# K Means Clustering

In [6]:
import numpy as np
import matplotlib.pyplot as plt
%matplotlib notebook

In [7]:
m1, cov1 = [9, 8], [[1.5, 2],[1, 2]]
m2, cov2 = [5, 13], [[2.5, -1.5],[-1.5, 1.5]]
m3, cov3 = [3, 7], [[0.25, 0.5],[-0.1, 0.5]]

data1 = np.random.multivariate_normal(m1, cov1, 250)
data2 = np.random.multivariate_normal(m2, cov2, 180)
data3 = np.random.multivariate_normal(m3, cov3, 100)

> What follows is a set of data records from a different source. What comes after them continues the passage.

lemma subt_append: "subt T (p @ w) = subt (subt T p) w"
  by (induction T p rule: subt.induct) auto

lemma append_in_positions_iff:
  "p @ w \<in> positions T \<longleftrightarrow> p \<in> positions T \<and> w \<in> positions (subt T p)"
  by (induction T p rule: subt.induct) auto

lemma col_subt_B: "col t = B \<Longrightarrow> p \<in> positions t \<Longrightarrow> col (subt t p) = B"
  by (induction t arbitrary: p) (auto split: if_splits)

lemma black_subtree_iff: "black_subtree T p \<longleftrightarrow> p \<in> positions T \<and> col (subt T p) = B"
  unfolding black_subtree_def node_col_def
  by (metis append_Nil2 append_in_positions_iff col_subt_B subt_append)

lemma not_strict_anc_Nil: "\<not> strict_anc q []"
  unfolding strict_anc_def by simp

lemma strict_anc_Cons:
  "strict_anc q (b # p) \<longleftrightarrow> q = [] \<or> (\<exists>q'. q = b # q' \<and> strict_anc q' p)"
  unfolding strict_anc_def by (cases q) auto

lemma max_black_roots_iff:
  "p \<in> max_black_roots T \<longleftrightarrow> p \<in> positions T \<and> col (subt T p) = B \<and>
     (\<forall>q. strict_anc q p \<longrightarrow> \<not> (q \<in> positions T \<and> col (subt T q) = B))"
  unfolding max_black_roots_def black_subtree_iff by auto

lemma max_black_roots_Leaf: "max_black_roots (Leaf c) = (if c = LB then {[]} else {})"
  by (cases c) (auto simp: max_black_roots_iff not_strict_anc_Nil)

X = np.vstack(( data1, np.vstack((data2, data3)) ))

np.random.shuffle(X)

X.shape


  """
  import sys


(530, 2)

In [8]:
def kMeans(X, k, max_iters=15, show_animation=False):
    
    row_indexes = np.random.choice(np.arange(len(X)), k)
    centroids = X[row_indexes, :]
    
    for iter in range(max_iters):
        C = np.asarray([np.argmin([np.dot(x-c, x-c) for c in centroids]) for x in X])
        centroids = [ X[C==i].mean(axis=0) for i in range(k)]
        
        if show_animation:
            show(X, C, np.array(centroids))
        
    return np.array(centroids), C
    

In [9]:
import time

fig = plt.figure()
ax = fig.add_subplot(111)
plt.ion()
fig.show()
fig.canvas.draw()

def show(X, C, centroids):   
    print('*', end=' ')
    ax.clear()

    num_centroids = centroids.shape[0]
    for i in range(num_centroids):
        ax.plot(X[C == i, 0], X[C == i, 1], 'o')
    
    ax.plot(centroids[:,0],centroids[:,1],'*k',markersize=20)
    
    fig.canvas.draw()
    time.sleep(0.5)

<IPython.core.display.Javascript object>

In [10]:
print('Look at the animation above.')
centroids, C = kMeans(X, 3, show_animation=True)

show(X, C, centroids)

print('Done')
print(centroids)

Look at the animation above.
* * * * * * * * * * * * * * * * Done
[[ 8.94520835  7.9831465 ]
 [ 2.89729922  7.04369986]
 [ 5.06939247 13.04370212]]


# K-Means

1. Decide the number of k cluster centers

2. Choose any k random points from your data as cluster centers

3. Assign all other data points to one of these centers based on L1 or L2 distance

4. Take the mean of each new grouping and use as the new cluster center.

5. Iterate until convergaence



#### Instance based algorithm vs Parametric algorithms

KNN - Instance based

K-Means - Parametric


#### How to choose number of centroids?

Loss = Sum of distances of all points form their final assigned centroid

Plot (x) different values of k vs. (y) the corresponding loss. 

The loss will decline and then plateau as k increases.

#### NP-Hard problems 

Don't have an exact solution in polynomial time

They take exponential time to be solved O(2^n)

Clustering 1000 points into 5 groups is NP-Hard

So we use an 'Approximation algorithm' like K-means to reduce complexity from O(2^n) to O(n^k)

#### Overfitting vs Underfitting (Later?)